Stored items:
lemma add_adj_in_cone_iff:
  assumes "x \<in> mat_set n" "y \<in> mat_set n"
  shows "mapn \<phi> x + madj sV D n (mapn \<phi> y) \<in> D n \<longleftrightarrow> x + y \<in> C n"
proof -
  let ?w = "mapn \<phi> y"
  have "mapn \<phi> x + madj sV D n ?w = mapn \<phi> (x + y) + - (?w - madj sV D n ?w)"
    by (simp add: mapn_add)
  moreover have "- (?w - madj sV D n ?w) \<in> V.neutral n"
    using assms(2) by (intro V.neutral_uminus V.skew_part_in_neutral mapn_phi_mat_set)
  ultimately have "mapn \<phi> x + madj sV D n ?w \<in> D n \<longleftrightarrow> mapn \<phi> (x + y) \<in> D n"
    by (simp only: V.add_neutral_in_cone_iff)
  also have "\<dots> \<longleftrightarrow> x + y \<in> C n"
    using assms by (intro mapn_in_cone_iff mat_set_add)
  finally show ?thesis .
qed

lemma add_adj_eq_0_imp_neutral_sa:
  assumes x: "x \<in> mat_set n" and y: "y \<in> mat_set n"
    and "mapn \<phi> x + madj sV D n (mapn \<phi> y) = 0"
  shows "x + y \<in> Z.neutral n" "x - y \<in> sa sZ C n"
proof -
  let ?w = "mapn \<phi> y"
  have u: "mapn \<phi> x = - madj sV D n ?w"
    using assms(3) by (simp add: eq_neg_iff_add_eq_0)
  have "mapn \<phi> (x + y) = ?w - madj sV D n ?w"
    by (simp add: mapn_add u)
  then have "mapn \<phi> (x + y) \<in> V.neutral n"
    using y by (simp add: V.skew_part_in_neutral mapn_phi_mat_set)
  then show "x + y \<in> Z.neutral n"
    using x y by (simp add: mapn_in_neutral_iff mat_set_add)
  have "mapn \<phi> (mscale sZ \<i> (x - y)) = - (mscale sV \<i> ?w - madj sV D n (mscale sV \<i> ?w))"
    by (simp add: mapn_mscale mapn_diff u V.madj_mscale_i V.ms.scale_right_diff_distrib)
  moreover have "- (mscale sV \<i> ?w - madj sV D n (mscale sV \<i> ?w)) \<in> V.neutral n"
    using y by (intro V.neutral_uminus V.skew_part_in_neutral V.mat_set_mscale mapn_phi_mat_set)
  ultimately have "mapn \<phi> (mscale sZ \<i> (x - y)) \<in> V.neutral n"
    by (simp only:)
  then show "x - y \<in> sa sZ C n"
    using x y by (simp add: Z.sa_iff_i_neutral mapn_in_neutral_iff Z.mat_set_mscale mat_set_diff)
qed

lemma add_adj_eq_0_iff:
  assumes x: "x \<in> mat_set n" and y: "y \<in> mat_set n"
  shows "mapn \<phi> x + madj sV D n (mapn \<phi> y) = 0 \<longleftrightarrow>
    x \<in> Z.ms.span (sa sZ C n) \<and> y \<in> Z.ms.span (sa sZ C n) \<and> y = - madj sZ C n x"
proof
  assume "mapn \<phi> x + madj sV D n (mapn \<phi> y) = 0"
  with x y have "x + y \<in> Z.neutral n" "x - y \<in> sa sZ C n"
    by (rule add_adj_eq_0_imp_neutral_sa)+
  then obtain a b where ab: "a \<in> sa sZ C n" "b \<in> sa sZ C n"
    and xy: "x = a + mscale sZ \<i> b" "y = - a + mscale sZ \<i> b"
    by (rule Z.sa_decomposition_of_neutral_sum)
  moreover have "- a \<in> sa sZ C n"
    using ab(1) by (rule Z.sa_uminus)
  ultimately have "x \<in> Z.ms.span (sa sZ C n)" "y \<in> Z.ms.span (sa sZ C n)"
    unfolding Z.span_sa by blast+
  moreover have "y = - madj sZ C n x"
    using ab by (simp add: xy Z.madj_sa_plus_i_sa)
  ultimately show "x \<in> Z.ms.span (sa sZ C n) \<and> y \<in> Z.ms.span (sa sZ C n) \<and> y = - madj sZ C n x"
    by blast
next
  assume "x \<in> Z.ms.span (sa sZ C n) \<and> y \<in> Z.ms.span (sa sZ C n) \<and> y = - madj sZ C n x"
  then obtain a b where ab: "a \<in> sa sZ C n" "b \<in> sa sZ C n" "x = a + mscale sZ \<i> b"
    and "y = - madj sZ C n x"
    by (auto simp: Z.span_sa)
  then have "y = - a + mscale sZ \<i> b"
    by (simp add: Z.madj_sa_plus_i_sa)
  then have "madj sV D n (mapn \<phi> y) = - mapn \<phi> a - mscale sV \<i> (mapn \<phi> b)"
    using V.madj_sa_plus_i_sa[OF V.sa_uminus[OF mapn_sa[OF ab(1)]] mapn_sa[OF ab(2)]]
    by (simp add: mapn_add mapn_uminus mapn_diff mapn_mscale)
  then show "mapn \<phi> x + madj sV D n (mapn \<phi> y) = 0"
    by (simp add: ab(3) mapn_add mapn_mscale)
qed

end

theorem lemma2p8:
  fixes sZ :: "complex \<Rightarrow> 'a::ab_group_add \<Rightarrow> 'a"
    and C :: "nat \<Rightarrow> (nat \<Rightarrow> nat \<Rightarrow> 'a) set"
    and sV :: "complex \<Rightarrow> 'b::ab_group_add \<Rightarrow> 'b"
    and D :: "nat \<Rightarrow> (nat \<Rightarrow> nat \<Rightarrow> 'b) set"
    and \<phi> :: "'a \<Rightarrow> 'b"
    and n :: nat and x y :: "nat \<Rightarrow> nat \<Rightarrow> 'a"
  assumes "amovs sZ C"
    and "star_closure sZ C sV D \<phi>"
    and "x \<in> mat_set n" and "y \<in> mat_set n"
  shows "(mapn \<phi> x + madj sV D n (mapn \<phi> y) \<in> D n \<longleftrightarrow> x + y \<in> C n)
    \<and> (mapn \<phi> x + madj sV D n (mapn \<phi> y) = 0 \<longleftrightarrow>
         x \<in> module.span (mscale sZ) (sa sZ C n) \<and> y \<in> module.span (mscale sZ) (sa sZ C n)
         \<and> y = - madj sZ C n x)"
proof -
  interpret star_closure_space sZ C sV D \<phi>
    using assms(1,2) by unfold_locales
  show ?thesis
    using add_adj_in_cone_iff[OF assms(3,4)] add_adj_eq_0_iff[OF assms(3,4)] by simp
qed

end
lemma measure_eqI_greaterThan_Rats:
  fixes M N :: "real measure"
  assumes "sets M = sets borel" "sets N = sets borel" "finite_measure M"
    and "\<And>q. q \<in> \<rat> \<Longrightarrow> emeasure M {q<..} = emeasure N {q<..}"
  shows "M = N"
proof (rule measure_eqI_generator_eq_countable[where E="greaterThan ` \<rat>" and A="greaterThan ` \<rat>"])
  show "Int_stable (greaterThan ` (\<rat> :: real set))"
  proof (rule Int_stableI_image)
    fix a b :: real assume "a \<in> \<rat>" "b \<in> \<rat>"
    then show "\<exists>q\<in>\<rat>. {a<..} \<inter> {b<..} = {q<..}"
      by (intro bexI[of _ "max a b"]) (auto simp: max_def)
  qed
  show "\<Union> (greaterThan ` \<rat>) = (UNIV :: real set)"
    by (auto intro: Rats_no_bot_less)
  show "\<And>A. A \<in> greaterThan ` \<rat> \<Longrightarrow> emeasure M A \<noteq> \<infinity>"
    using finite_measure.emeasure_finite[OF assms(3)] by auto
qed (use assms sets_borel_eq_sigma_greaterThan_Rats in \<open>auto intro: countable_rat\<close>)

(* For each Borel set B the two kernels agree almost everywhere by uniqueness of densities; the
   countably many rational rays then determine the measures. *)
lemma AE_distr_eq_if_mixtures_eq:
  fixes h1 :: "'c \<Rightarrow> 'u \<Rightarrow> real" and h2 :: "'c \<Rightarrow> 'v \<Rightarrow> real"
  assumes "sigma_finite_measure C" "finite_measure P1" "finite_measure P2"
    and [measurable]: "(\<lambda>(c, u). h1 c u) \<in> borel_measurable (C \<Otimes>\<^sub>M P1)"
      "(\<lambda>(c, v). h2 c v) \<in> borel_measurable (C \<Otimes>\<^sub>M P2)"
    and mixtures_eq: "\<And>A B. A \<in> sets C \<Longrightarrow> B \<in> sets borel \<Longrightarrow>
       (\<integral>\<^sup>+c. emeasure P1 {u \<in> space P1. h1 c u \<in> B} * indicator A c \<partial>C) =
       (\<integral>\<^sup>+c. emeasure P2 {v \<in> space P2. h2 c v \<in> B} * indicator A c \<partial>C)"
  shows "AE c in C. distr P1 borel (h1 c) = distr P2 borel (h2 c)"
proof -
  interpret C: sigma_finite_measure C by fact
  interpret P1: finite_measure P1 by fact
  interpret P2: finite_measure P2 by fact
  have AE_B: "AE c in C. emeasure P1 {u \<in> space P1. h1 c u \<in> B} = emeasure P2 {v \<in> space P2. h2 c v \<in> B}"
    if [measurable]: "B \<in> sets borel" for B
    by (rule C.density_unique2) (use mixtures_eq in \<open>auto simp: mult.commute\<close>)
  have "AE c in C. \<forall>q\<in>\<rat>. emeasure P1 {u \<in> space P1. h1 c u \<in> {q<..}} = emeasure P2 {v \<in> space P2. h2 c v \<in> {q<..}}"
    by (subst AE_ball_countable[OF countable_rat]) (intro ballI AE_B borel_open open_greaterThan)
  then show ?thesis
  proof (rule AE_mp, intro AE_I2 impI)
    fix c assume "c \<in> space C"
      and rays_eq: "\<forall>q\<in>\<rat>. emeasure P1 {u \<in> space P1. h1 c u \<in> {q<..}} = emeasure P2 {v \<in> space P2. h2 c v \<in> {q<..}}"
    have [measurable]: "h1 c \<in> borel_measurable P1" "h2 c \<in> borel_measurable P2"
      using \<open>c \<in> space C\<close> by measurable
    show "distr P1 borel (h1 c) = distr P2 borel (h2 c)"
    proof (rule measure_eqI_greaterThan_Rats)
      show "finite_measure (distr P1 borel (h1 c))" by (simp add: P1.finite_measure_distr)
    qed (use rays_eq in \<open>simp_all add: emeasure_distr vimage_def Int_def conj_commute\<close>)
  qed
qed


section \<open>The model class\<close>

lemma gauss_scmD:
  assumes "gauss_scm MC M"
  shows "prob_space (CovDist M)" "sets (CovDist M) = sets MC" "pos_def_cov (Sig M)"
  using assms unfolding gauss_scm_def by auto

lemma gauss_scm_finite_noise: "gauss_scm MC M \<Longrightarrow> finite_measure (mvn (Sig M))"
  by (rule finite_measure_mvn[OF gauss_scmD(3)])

--

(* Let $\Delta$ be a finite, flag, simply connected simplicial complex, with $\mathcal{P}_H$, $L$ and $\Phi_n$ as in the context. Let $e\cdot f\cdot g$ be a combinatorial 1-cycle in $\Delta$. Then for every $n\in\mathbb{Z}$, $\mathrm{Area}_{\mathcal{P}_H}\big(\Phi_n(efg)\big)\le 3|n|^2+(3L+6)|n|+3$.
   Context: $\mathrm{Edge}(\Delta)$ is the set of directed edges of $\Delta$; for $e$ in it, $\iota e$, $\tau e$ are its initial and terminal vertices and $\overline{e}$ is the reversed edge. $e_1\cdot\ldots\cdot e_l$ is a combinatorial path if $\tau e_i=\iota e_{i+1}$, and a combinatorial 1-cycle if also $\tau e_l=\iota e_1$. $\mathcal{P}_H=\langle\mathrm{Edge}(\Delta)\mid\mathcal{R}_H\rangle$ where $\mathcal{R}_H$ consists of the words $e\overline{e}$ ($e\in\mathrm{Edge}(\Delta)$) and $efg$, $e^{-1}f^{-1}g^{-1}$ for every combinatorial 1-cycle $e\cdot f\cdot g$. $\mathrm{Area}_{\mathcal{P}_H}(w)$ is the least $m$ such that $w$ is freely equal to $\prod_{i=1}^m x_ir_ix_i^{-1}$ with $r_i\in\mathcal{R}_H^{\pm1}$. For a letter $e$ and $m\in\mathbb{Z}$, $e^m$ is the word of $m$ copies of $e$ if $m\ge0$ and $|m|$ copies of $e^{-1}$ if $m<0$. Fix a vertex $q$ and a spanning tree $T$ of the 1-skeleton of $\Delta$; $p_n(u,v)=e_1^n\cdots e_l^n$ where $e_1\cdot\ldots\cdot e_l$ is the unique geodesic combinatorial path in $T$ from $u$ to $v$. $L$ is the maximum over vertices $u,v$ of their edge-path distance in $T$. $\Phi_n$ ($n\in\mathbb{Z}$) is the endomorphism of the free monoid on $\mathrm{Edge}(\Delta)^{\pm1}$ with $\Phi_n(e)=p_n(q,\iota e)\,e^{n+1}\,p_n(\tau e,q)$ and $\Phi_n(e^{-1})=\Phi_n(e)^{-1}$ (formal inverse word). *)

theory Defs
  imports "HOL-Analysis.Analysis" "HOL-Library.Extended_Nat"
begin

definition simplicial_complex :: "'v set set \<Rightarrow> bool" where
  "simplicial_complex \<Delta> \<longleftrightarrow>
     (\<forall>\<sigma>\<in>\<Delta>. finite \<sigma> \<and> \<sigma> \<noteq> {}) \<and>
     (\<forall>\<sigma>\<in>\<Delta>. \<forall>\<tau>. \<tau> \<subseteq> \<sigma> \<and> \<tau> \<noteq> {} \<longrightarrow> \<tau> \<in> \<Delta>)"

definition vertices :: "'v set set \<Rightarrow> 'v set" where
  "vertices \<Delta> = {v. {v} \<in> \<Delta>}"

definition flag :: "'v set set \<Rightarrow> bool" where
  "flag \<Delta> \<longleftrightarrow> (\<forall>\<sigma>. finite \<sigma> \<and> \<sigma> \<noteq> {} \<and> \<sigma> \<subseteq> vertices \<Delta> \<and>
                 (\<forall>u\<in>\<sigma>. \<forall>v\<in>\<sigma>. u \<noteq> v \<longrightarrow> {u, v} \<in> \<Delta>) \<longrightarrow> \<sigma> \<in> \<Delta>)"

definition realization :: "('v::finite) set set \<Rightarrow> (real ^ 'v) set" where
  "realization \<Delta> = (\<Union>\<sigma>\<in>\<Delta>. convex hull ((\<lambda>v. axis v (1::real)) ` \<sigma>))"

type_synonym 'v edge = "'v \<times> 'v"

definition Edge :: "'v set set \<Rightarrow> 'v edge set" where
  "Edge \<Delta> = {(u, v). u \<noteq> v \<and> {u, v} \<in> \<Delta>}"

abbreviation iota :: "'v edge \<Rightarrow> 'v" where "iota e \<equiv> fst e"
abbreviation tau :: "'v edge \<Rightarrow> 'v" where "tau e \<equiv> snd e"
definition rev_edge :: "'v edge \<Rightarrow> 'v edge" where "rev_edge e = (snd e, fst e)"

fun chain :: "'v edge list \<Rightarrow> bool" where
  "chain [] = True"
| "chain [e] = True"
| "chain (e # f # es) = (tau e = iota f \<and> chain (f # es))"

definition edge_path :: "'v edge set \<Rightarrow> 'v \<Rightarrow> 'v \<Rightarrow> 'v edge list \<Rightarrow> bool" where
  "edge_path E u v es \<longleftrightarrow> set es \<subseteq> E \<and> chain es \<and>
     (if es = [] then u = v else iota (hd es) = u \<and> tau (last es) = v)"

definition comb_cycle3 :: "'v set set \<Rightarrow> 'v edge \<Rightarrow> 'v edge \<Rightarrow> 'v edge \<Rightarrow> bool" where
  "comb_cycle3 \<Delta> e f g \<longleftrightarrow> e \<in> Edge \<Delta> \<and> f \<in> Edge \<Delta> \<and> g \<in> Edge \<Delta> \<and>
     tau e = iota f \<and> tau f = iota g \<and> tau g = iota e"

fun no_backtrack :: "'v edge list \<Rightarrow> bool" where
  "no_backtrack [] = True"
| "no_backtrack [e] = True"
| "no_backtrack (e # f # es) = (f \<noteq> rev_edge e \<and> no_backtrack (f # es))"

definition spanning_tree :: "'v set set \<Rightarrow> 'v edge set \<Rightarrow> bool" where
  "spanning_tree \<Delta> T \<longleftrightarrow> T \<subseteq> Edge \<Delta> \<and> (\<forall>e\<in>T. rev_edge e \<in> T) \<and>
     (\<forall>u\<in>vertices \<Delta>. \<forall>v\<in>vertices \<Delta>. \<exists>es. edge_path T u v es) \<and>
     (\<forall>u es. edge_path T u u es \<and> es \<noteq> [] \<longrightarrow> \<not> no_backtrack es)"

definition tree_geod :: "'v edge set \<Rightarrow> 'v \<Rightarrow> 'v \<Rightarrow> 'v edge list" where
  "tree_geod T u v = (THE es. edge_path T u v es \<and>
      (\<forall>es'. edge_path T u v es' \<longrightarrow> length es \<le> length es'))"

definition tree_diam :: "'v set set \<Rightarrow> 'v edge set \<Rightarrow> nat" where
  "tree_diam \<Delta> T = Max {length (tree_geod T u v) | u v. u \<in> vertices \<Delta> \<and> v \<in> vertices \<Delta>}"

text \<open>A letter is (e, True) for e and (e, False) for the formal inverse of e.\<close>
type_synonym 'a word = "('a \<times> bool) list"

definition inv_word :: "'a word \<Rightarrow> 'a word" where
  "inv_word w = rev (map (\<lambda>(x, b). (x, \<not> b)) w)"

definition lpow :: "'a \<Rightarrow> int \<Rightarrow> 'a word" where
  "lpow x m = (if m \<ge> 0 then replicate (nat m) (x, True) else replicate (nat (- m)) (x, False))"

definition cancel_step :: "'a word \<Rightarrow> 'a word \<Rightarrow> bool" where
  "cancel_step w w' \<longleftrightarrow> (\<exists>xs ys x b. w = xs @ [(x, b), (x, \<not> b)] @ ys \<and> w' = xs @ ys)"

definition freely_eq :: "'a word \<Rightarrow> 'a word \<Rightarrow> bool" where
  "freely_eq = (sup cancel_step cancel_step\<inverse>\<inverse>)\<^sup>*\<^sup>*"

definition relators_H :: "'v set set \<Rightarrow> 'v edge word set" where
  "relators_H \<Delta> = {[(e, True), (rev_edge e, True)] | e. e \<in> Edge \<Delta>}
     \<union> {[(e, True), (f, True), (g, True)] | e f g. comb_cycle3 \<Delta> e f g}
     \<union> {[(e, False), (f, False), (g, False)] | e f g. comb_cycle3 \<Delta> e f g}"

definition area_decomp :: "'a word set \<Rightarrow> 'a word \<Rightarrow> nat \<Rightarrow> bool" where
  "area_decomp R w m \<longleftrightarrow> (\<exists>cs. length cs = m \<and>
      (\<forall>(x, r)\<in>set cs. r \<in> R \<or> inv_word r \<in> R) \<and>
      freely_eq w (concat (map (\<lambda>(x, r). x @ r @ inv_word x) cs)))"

==

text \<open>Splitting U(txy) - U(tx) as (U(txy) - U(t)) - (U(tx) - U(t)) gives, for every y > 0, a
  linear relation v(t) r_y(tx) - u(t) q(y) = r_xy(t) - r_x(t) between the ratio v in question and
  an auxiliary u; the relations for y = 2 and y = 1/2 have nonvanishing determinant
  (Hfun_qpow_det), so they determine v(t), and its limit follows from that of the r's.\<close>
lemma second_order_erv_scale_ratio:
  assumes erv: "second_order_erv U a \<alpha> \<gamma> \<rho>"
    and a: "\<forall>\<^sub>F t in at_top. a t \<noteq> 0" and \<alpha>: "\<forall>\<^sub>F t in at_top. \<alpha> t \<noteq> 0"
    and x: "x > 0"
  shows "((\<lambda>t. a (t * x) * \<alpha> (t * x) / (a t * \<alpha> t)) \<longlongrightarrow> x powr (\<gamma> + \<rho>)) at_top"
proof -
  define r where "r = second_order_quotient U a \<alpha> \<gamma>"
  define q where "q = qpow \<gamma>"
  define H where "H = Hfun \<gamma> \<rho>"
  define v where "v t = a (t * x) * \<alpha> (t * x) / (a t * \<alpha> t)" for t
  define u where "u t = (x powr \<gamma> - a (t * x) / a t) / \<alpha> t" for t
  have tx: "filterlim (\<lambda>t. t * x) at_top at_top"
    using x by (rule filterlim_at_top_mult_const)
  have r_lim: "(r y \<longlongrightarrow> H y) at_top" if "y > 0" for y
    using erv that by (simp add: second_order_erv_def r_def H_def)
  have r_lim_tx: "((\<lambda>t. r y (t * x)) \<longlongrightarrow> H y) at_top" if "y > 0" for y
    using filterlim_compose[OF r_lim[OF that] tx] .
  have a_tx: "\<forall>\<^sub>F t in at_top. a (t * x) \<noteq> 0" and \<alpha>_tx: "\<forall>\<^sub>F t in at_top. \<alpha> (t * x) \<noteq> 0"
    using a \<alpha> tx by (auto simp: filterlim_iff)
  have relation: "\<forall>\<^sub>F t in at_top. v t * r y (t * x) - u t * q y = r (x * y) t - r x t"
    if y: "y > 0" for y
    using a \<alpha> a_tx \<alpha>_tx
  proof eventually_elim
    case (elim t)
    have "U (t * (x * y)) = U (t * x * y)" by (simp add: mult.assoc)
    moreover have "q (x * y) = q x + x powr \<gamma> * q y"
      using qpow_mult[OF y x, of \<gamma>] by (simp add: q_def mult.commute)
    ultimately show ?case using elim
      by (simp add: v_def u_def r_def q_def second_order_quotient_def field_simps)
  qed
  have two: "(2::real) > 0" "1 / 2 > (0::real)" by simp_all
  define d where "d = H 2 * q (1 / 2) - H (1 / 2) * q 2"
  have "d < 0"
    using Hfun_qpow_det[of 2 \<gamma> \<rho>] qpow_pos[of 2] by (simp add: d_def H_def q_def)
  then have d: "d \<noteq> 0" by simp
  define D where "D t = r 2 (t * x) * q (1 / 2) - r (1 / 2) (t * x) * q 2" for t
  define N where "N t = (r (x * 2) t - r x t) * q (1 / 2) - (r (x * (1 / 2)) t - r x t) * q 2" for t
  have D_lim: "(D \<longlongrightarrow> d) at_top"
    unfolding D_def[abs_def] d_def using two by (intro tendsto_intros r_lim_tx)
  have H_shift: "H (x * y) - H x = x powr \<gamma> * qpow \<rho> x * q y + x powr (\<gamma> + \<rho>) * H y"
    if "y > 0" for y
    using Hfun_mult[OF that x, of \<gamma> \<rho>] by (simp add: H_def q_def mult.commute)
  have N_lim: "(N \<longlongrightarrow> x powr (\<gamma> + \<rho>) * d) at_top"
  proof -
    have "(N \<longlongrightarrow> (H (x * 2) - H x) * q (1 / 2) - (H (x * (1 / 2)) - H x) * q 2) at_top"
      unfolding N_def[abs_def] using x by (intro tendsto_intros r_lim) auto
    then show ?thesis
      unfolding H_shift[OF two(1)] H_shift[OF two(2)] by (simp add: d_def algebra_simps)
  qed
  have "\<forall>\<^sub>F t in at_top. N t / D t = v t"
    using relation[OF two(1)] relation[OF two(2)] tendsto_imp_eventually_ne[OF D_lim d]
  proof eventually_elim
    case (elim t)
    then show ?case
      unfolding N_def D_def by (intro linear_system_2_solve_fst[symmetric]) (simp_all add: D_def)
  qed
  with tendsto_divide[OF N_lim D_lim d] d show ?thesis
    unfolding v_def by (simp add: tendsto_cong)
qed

### [Exercise aim]
Scan the records for lines that hold "blast", and reproduce each one you find.

### [Answer section]
    unfolding Z.span_sa by blast+
    by blast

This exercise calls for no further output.